# Pc2 6400 Memory Settings In Bios?



## George Safford (Sep 1, 2003)

Here are my settings in my bios and the limits. Was wondering if someone could tell me what it is suppose to be set at. Thanks.

Dram write recovery time..Set at 6 can be set to 2,3,4,5,6
Dram TRFC set at 42 can be set at 20, 25, 30, 35, 42
Dram TRRD set at 10 can be set at 0-15
Rank write to read delay set at 10 can be set at 0-31
Read to precharge delay set at 10 can be set to 0-15
write to precharge delay set at 11 and can be set to 0-31
Static read control??? Fast faster etc...


----------



## smz (Mar 12, 2007)

Well I will answer this like I proceeded with my setup. This setting is generally optimized when using high end low latency ram, sometimes referred to as gamer ram. Most motherboards should have an option named "SPD" which does this automatically, however on the higher end ram, some manufacter's want the voltage upped in order to achieve the typical cas settings. I would refer to the ram you bought to see if they can be further optimized. Setting it too high when it is "value ram" is not a good idea. But also don't cheat yourself out. What kind of ram is this?



George Safford said:


> Here are my settings in my bios and the limits. Was wondering if someone could tell me what it is suppose to be set at.

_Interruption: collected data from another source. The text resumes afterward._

(* Let $A,B\in\mathbb{S}^n$, $a,b\in\mathbb{R}^n$, $a_0,b_0\in\mathbb{R}$, $C\in\mathbb{R}^{m\times n}$, $d\in\mathbb{R}^m$, and suppose $\{x\in\mathbb{R}^n_+\mid Cx=d\}$ is nonempty and bounded and $q(x)=x^\top Ax+a^\top x+a_0>0$ on it. Then the optimal value of $\min\bigl\{\frac{x^\top Bx+b^\top x+b_0}{x^\top Ax+a^\top x+a_0}\bigm| x\ge0,\ Cx=d\bigr\}$ equals the optimal value of \[ \min\ b_0\rho+b^\top y+\langle B,Y\rangle\ \text{ s.t. }\ \begin{pmatrix}\rho&y^\top\\ y&Y\end{pmatrix}\in\mathcal{CP}_{n+1},\ \langle A,Y\rangle+\langle a,y\rangle+a_0\rho=1,\ \operatorname{Tr}\bigl(CYC^\top-Cyd^\top-dy^\top C^\top+\rho dd^\top\bigr)=0. \]
   Context: $\mathcal{CP}_d$ is the cone of $d\times d$ completely positive matrices, i.e. matrices of the form $\sum_{i=1}^kh_ih_i^\top$ with $h_i\in\mathbb{R}^d_+$. $\langle X,Y\rangle=\operatorname{Tr}(XY^\top)$; $\mathbb{S}^n$ is the set of symmetric $n\times n$ matrices. *)

theory Defs
  imports "HOL-Analysis.Analysis"
begin

definition outer :: "real^'k \<Rightarrow> real^'l \<Rightarrow> real^'l^'k" where
  "outer u v = (\<chi> i j. u $ i * v $ j)"

definition frob_inner :: "real^'l^'k \<Rightarrow> real^'l^'k \<Rightarrow> real" where
  "frob_inner X Y = trace (X ** transpose Y)"

definition CP :: "(real^'k^'k) set" where
  "CP = {M. \<exists>hs :: (real^'k) list. (\<forall>h\<in>set hs. \<forall>i. 0 \<le> h $ i) \<and>
              M = sum_list (map (\<lambda>h. outer h h) hs)}"

text \<open>The (n+1)x(n+1) block matrix [[rho, y^T],[y, Y]], index None playing the role of 0.\<close>
definition block :: "real \<Rightarrow> real^'n \<Rightarrow> real^'n^'n \<Rightarrow> real^('n option)^('n option)" where
  "block \<rho> y Y = (\<chi> i j. case (i, j) of
      (None, None) \<Rightarrow> \<rho>
    | (None, Some j') \<Rightarrow> y $ j'
    | (Some i', None) \<Rightarrow> y $ i'
    | (Some i', Some j') \<Rightarrow> Y $ i' $ j')"

end

theory Submission
  imports Defs
begin

text \<open>
  Every feasible point of the relaxation is a sum of rank-one terms \<open>h h\<^sup>T\<close> with
  \<open>h = (t, z) \<ge> 0\<close>. The linear constraint on the trace makes it the sum of the squares
  \<open>\<parallel>C z - t d\<parallel>\<^sup>2\<close>, so every term satisfies \<open>C z = t d\<close>. If \<open>t > 0\<close> then \<open>z / t\<close> is feasible for
  the fractional program, and the term contributes \<open>t\<^sup>2 p(z/t)\<close> to the objective and
  \<open>t\<^sup>2 q(z/t)\<close> to the normalisation; if \<open>t = 0\<close> then \<open>z\<close> is a nonnegative direction
  of recession of the bounded feasible set, hence \<open>z = 0\<close>. Summing \<open>m q \<le> p\<close> over the terms,
  where \<open>m\<close> is the minimal ratio, bounds the relaxation from below by \<open>m\<close>; conversely the
  minimiser \<open>x\<close> lifts to the feasible rank-one point \<open>(1, x)(1, x)\<^sup>T / q(x)\<close> of value \<open>m\<close>.
\<close>

definition vec_head :: "real^('n::finite option) \<Rightarrow> real" where
  "vec_head h = h $ None"

definition vec_tail :: "real^('n::finite option) \<Rightarrow> real^'n" where
  "vec_tail h = (\<chi> i. h $ Some i)"

definition vec_cons :: "real \<Rightarrow> real^'n \<Rightarrow> real^('n::finite option)" where
  "vec_cons t z = (\<chi> i. case i of None \<Rightarrow> t | Some j \<Rightarrow> z $ j)"

lemma vec_head_cons [simp]: "vec_head (vec_cons t z) = t"
  by (simp add: vec_head_def vec_cons_def)

lemma vec_tail_cons [simp]: "vec_tail (vec_cons t z) = z"
  by (simp add: vec_tail_def vec_cons_def vec_eq_iff)

lemma vec_cons_nonneg: "0 \<le> t \<Longrightarrow> \<forall>i. 0 \<le> z $ i \<Longrightarrow> \<forall>i. 0 \<le> vec_cons t z $ i"
  by (simp add: vec_cons_def split: option.split)

lemma sum_UNIV_option: "(\<Sum>i\<in>UNIV. f i) = f None + (\<Sum>i\<in>UNIV. f (Some i))"
  for f :: "'a::finite option \<Rightarrow> 'b::comm_monoid_add"
  by (simp add: UNIV_option_conv sum.reindex)

lemma frob_inner_trace: "frob_inner X Y = trace (transpose X ** Y)"
  unfolding frob_inner_def trace_def matrix_matrix_mult_def transpose_def
  by (simp add: mult.commute) (rule sum.swap)

lemma frob_inner_add_right: "frob_inner M (X + Y) = frob_inner M X + frob_inner M Y"
  by (simp add: frob_inner_def trace_def matrix_matrix_mult_def transpose_def
      sum.distrib distrib_left)

lemma frob_inner_zero_right [simp]: "frob_inner M 0 = 0"
  by (simp add: frob_inner_def trace_def matrix_matrix_mult_def transpose_def)

lemma frob_inner_sum_list_right:
  "frob_inner M (sum_list (map f xs)) = (\<Sum>x\<leftarrow>xs. frob_inner M (f x))"
  by (induction xs) (simp_all add: frob_inner_add_right)

lemma frob_inner_outer: "frob_inner M (outer u v) = u \<bullet> (M *v v)"
  unfolding frob_inner_def trace_def matrix_matrix_mult_def transpose_def outer_def
    inner_vec_def matrix_vector_mult_def
  by (simp add: sum_distrib_left mult_ac)

lemma frob_inner_block:
  "frob_inner (block r u U) (block \<rho> y Y) = r * \<rho> + 2 * (u \<bullet> y) + frob_inner U Y"
  by (simp add: frob_inner_def trace_def matrix_matrix_mult_def transpose_def block_def
      sum_UNIV_option inner_vec_def sum.distrib algebra_simps)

Thanks.
> 
> Dram write recovery time..Set at 6 can be set to 2,3,4,5,6
> Dram TRFC set at 42 can be set at 20, 25, 30, 35, 42
> ...


----------



## George Safford (Sep 1, 2003)

KHX6400D2LLK2/2GN 2GB 800MHz DDR2 Non-ECC 
Low-Latency CL4 NVIDIA SLI-READY (Kit of 2) 4-4-4-12 2.0V 

Kingston HyperX


----------



## smz (Mar 12, 2007)

That will make it easy. That's the identical ram I have. Even though SPD will detect this ram at 5-5-5-15, override it with manual settings in your bios. With 4-4-4-12, but Note, you must overclock the memory voltage. Strangely enough mine recommends 2.1V vs the 2.0 that you indicate. Never the less. The precharge detects at 35 and I leave it be because there is no auto setting for that in my bios. All other settings for serious peaking and tweaking i don't personally mess with. Since when you buy ram, the heavily advertised specs are always x-x-x-x and CAS is most important. But without taking stock voltage from 1.8V and moving it to 2.0 or 2.1, I don't know how stable things will be at 4-4-4-12. Good luck. Consult your motherboard manual if you need assistance in overriding the settings. Also don't be alarmed if the first time around your system doesn't want to post, it's quite common with memory tweaking... Just make sure you know where your CMOS reset jumper is before you start playing. Eventually you'll find a comfortable spot where everything is happy. I recommend to then get yourself CPUID just google CPU-Z and download the latest one. It's free. Under the memory tab, it will show you what your memory settings are in the windows environment. No install is necessary of this program. Just extract and run. Last but not least. If you want one of the best reliability tests out there to verify your settings are stable, then google "Prime95" and download the proper one x32 or x64 depending on your OS and run the torture test with the blend default option. Let it rip for a minimum of 8 hours. If you pass with no errors, you are ready to conquer the world... Good Luck!



George Safford said:


> KHX6400D2LLK2/2GN 2GB 800MHz DDR2 Non-ECC
> Low-Latency CL4 NVIDIA SLI-READY (Kit of 2) 4-4-4-12 2.0V
> 
> Kingston HyperX


----------



## George Safford (Sep 1, 2003)

DDR2 (PC2-6400) 
Kingston 
Part Number Description †Latency 
Timings Voltage 
KHX6400D2K2/512 512MB kit DDR2 800MHz Non-ECC CL5 
(kit of 2 - 256MB) 5-5-5-15 1.95V (Datasheet) BUY 

KHX6400D2K2/1G 1GB kit DDR2 800MHz Non-ECC CL5
(kit of 2 - 512MB) 5-5-5-15 1.95V (Datasheet) BUY 

KHX6400D2K2/2G 2GB kit DDR2 800MHz Non-ECC CL5
(kit of 2 - 1GB) 5-5-5-15 2.0V (Datasheet) BUY 

KHX6400D2LLK2/1G 1GB 800MHz DDR2 Non-ECC 
Low-Latency CL4 (Kit of 2) 4-4-4-12 2.0V (Datasheet) BUY 

KHX6400D2LLK2/2G 2GB 800MHz DDR2 Non-ECC 
Low-Latency CL4 (kit of 2) 4-4-4-12 2.0V (Datasheet) BUY

KHX6400D2LLK2/4G 4GB 800MHz DDR2 Non-ECC 
Low-Latency CL4 (kit of 2) 4-4-4-12 1.9V (Datasheet) BUY

KHX6400D2LLK2/1GN 1GB 800MHz DDR2 Non-ECC 
Low-Latency CL4 NVIDIA SLI-READY (Kit of 2) 4-4-4-12 2.0V (Datasheet) BUY 

KHX6400D2LLK2/2GN 2GB 800MHz DDR2 Non-ECC 
Low-Latency CL4 NVIDIA SLI-READY (Kit of 2) 4-4-4-12 2.0V (Datasheet) BUY 

This is the list from Kingston and there is no Reference to 2.1V.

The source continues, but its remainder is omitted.